-- PROBLEM REQUIREMENTS --
Find the line in the entries below that contains "using w unfolding". Repeat it exactly, and every line after it through the line that contains "by (intro poly_mod.div_mod_imp_dvdm)".

*** DATA FOR THE TASK Section Begins ***

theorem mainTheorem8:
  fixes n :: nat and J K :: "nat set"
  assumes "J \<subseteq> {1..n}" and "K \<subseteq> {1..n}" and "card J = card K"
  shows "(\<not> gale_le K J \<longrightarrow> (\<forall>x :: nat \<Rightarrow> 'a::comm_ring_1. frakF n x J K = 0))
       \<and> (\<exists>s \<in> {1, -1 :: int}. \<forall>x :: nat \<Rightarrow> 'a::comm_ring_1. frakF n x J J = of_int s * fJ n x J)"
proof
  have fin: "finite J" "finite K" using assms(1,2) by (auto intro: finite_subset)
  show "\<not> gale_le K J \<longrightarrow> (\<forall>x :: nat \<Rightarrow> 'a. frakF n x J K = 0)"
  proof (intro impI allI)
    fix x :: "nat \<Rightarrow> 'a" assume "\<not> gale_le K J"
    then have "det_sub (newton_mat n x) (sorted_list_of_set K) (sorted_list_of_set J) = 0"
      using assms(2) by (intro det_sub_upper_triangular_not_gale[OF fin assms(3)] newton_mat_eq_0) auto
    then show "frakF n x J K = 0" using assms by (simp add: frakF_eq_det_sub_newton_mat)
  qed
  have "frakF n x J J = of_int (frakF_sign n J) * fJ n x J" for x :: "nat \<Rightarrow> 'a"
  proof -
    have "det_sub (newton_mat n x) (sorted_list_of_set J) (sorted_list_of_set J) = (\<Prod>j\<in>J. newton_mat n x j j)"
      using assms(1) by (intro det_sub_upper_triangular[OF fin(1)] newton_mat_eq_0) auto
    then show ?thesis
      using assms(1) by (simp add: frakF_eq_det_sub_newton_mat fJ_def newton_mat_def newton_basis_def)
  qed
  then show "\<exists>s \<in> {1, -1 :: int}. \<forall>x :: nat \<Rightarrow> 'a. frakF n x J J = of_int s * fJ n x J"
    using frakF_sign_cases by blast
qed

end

*** DATA FOR THE TASK Section Ends ***
*** DATA FOR THE TASK Section Begins ***

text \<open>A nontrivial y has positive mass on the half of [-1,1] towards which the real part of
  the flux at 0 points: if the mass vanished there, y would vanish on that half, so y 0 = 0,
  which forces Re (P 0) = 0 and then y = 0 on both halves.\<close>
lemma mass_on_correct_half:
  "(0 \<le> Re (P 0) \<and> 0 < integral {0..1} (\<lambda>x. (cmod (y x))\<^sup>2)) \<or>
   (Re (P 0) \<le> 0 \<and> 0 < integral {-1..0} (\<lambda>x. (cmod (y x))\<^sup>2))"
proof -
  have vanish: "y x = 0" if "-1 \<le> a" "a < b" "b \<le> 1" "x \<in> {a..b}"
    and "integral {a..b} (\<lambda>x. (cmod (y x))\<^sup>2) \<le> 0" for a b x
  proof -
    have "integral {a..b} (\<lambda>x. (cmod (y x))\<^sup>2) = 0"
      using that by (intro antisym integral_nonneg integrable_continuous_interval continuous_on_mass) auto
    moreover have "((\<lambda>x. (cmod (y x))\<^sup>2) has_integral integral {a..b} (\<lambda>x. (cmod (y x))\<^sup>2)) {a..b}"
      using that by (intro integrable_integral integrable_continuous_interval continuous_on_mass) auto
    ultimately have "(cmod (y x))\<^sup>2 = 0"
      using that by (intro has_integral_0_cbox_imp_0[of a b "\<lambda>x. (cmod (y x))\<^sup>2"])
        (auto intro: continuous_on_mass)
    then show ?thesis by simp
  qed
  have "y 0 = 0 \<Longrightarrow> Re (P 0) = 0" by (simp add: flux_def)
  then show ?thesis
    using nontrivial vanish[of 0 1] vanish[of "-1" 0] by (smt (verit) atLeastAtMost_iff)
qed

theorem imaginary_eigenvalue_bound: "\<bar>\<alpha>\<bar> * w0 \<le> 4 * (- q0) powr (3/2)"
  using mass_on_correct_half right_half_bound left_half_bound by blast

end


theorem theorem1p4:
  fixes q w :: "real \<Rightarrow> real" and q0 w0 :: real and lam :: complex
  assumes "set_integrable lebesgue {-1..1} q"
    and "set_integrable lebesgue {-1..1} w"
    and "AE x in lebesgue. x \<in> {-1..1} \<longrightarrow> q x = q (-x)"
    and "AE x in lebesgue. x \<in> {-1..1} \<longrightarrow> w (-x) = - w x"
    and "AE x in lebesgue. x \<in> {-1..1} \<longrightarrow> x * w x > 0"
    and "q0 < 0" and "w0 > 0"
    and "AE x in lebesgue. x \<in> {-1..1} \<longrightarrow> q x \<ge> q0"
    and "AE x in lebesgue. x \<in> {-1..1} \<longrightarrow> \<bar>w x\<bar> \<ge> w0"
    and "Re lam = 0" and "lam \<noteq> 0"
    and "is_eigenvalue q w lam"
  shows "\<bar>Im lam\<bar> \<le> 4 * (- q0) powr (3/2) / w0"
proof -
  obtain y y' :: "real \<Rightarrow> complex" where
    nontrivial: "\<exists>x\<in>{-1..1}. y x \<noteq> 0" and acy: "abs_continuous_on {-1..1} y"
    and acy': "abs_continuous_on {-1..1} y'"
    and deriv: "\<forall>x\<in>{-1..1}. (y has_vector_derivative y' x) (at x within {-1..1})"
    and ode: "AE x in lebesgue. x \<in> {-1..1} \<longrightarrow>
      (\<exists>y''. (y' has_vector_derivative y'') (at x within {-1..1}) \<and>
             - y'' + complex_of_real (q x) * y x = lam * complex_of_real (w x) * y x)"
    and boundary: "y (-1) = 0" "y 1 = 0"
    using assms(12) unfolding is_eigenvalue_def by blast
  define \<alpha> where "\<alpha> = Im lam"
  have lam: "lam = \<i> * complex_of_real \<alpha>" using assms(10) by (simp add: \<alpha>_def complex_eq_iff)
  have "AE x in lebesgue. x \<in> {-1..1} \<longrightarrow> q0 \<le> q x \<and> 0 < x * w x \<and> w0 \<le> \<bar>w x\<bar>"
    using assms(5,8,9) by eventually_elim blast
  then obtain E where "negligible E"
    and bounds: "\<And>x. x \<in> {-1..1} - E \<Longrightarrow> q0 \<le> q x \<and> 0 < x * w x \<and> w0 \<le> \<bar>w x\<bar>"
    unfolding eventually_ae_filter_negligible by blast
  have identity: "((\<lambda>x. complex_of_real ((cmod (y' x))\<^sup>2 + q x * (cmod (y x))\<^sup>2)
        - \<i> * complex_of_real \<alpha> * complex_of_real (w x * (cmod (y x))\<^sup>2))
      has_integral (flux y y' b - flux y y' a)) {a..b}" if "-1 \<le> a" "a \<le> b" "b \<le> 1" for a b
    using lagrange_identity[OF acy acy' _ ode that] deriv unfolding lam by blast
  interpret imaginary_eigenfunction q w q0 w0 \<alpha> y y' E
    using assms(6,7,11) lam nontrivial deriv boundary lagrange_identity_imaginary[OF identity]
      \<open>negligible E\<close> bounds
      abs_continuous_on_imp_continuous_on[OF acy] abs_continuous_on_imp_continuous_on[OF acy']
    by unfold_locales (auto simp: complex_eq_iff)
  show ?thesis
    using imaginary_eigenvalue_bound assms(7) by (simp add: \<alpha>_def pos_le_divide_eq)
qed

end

*** DATA FOR THE TASK Section Ends ***
*** DATA FOR THE TASK Section Begins ***

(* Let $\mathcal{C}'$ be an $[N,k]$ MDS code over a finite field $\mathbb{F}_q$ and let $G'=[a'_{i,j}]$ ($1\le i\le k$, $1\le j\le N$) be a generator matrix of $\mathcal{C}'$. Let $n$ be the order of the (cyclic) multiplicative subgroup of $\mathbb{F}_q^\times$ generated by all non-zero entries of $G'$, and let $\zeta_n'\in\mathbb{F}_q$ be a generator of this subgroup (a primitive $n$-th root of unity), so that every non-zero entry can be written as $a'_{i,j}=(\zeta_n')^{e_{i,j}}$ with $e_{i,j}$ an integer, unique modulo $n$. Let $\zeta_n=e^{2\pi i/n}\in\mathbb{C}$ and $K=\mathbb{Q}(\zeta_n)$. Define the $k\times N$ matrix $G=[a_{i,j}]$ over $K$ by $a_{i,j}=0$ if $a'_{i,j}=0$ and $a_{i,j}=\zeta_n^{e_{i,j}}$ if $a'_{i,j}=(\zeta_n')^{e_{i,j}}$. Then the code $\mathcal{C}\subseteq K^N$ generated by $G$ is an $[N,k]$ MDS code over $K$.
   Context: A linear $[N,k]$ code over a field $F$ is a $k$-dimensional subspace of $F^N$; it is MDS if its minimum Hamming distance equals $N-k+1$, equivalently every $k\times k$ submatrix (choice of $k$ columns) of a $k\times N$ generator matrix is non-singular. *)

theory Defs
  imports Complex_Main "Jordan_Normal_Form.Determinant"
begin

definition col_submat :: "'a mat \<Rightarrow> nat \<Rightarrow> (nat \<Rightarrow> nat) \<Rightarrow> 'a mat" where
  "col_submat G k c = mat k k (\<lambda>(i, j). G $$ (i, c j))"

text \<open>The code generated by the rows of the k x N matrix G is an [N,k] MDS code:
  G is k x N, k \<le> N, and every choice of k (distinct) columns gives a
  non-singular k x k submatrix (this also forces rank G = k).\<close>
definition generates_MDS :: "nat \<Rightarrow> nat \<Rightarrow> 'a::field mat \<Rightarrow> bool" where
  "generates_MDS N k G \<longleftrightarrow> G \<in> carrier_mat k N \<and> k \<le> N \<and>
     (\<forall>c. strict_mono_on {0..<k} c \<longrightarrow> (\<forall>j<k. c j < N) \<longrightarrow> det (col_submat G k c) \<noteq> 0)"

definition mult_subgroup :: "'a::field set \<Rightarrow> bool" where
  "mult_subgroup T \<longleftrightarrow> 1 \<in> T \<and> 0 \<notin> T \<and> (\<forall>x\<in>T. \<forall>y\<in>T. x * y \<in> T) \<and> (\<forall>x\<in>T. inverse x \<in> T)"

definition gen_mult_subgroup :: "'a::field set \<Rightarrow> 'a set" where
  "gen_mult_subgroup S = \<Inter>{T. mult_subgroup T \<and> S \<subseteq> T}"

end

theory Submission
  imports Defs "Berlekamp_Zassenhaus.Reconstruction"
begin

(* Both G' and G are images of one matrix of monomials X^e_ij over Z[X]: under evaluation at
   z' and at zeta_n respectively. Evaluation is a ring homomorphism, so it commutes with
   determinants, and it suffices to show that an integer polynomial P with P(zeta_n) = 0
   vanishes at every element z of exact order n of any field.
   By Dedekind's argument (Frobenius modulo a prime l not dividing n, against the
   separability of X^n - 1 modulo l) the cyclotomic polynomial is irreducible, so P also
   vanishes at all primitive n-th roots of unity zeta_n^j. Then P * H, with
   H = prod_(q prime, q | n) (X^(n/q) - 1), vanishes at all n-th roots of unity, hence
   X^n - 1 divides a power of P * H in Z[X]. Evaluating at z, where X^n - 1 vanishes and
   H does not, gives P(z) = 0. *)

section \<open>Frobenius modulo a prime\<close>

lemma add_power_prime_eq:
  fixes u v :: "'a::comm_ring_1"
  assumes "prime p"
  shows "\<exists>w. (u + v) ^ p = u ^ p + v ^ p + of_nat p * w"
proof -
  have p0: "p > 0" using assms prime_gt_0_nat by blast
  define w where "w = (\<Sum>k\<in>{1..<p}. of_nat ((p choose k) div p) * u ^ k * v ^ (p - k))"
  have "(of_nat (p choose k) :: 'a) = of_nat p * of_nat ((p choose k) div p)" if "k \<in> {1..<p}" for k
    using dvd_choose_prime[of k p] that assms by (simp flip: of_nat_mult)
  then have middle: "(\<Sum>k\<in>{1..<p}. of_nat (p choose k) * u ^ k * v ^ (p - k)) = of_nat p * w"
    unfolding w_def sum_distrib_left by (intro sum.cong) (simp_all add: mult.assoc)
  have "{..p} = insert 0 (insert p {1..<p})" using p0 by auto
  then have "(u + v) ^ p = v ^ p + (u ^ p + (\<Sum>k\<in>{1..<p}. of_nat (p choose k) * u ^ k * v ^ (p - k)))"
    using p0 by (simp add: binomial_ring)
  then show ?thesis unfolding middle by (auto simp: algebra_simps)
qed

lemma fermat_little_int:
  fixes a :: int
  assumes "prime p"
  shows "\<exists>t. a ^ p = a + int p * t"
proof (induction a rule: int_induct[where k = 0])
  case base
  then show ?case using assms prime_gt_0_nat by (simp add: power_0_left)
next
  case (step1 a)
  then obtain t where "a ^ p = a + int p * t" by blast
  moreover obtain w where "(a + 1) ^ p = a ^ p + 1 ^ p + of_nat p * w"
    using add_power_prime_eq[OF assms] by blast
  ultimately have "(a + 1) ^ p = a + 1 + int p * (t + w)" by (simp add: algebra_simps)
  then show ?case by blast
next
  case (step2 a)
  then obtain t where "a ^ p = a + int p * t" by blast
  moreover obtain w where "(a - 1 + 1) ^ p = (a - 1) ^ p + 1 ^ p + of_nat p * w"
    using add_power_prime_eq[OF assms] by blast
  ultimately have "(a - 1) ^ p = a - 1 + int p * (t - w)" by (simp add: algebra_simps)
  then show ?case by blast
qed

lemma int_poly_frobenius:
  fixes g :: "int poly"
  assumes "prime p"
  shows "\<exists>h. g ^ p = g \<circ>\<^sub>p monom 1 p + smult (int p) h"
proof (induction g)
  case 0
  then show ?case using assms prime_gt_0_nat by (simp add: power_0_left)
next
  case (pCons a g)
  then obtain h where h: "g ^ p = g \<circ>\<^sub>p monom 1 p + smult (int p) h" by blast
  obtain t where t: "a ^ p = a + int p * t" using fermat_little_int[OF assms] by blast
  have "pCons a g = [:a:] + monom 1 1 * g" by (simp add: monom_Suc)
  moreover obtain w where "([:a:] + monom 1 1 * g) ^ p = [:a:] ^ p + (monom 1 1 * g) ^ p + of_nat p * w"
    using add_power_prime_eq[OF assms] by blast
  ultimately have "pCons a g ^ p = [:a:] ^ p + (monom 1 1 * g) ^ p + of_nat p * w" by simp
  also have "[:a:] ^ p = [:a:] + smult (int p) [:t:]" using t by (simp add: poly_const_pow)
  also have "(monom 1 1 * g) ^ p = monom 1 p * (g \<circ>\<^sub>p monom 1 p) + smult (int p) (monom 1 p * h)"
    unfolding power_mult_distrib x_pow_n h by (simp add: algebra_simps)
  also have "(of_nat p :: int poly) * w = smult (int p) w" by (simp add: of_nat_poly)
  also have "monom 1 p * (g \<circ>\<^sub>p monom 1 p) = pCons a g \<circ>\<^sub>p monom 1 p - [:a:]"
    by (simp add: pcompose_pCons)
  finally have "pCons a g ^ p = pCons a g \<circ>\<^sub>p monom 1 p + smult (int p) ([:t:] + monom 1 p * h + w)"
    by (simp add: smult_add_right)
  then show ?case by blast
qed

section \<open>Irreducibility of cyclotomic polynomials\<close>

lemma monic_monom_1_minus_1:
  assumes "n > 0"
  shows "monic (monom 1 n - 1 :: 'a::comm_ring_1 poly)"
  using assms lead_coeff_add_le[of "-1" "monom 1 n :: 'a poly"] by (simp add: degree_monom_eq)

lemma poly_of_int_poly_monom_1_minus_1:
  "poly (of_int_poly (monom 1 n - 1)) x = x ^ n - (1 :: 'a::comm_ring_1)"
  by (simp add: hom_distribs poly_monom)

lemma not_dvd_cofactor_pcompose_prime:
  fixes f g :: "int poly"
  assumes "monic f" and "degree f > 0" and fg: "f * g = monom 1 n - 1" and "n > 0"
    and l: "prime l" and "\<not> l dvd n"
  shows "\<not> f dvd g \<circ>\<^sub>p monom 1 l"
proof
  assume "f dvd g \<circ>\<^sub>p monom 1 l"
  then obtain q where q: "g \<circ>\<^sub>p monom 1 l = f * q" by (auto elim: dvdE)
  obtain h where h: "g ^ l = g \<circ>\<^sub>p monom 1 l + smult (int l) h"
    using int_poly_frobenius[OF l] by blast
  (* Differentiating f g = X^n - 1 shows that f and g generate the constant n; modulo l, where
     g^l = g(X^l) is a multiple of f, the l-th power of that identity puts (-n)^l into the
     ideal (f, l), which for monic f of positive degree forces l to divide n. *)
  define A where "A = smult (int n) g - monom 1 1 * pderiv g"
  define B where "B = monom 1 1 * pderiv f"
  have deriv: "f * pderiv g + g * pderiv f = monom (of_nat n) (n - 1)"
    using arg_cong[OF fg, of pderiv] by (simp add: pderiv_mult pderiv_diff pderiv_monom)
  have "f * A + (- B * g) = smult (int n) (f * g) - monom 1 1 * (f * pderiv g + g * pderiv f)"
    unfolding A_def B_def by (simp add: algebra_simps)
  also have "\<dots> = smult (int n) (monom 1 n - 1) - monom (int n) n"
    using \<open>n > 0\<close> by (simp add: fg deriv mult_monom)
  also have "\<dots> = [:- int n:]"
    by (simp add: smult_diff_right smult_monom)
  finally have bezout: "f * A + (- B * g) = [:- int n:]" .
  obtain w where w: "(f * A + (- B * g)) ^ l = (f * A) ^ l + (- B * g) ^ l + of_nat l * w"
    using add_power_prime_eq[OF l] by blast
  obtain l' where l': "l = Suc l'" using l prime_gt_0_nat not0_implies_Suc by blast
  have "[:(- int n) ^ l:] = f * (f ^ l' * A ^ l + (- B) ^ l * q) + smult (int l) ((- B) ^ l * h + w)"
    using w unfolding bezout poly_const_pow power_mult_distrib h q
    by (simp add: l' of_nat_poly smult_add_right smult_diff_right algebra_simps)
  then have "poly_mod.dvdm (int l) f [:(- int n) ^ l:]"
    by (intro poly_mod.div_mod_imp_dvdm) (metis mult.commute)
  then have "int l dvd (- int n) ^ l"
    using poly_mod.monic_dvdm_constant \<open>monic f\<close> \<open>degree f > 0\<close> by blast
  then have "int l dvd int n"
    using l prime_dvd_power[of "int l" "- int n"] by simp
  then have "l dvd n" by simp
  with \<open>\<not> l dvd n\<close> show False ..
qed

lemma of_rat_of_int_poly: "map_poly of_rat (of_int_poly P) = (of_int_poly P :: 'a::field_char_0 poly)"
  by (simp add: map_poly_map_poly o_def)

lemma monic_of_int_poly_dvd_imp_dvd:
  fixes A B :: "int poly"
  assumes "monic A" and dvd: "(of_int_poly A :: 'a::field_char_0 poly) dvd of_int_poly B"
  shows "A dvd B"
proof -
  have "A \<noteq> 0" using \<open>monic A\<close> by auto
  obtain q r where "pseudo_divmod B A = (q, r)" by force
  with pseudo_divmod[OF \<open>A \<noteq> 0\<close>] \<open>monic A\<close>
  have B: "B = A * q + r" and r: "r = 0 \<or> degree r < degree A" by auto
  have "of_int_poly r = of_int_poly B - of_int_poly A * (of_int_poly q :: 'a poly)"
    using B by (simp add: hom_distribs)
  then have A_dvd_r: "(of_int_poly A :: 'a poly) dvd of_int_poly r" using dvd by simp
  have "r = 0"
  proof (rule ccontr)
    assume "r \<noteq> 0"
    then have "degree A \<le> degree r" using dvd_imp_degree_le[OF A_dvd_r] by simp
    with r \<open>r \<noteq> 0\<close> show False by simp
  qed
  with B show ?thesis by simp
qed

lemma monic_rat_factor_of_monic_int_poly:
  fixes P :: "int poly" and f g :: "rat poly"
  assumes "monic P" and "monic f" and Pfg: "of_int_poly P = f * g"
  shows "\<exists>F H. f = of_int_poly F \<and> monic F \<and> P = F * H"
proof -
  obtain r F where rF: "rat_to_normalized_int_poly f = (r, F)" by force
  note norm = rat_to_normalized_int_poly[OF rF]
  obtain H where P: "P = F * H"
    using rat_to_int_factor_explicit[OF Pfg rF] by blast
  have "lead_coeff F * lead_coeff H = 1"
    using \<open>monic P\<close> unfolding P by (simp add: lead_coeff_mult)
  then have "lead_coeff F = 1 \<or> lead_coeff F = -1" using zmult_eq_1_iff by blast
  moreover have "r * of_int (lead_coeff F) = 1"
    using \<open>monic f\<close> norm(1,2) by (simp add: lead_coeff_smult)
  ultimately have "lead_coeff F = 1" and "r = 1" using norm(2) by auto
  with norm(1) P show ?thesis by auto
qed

*** DATA FOR THE TASK Section Ends ***

-- SOLVED EXERCISE --
    using w unfolding bezout poly_const_pow power_mult_distrib h q
    by (simp add: l' of_nat_poly smult_add_right smult_diff_right algebra_simps)
  then have "poly_mod.dvdm (int l) f [:(- int n) ^ l:]"
    by (intro poly_mod.div_mod_imp_dvdm) (metis mult.commute)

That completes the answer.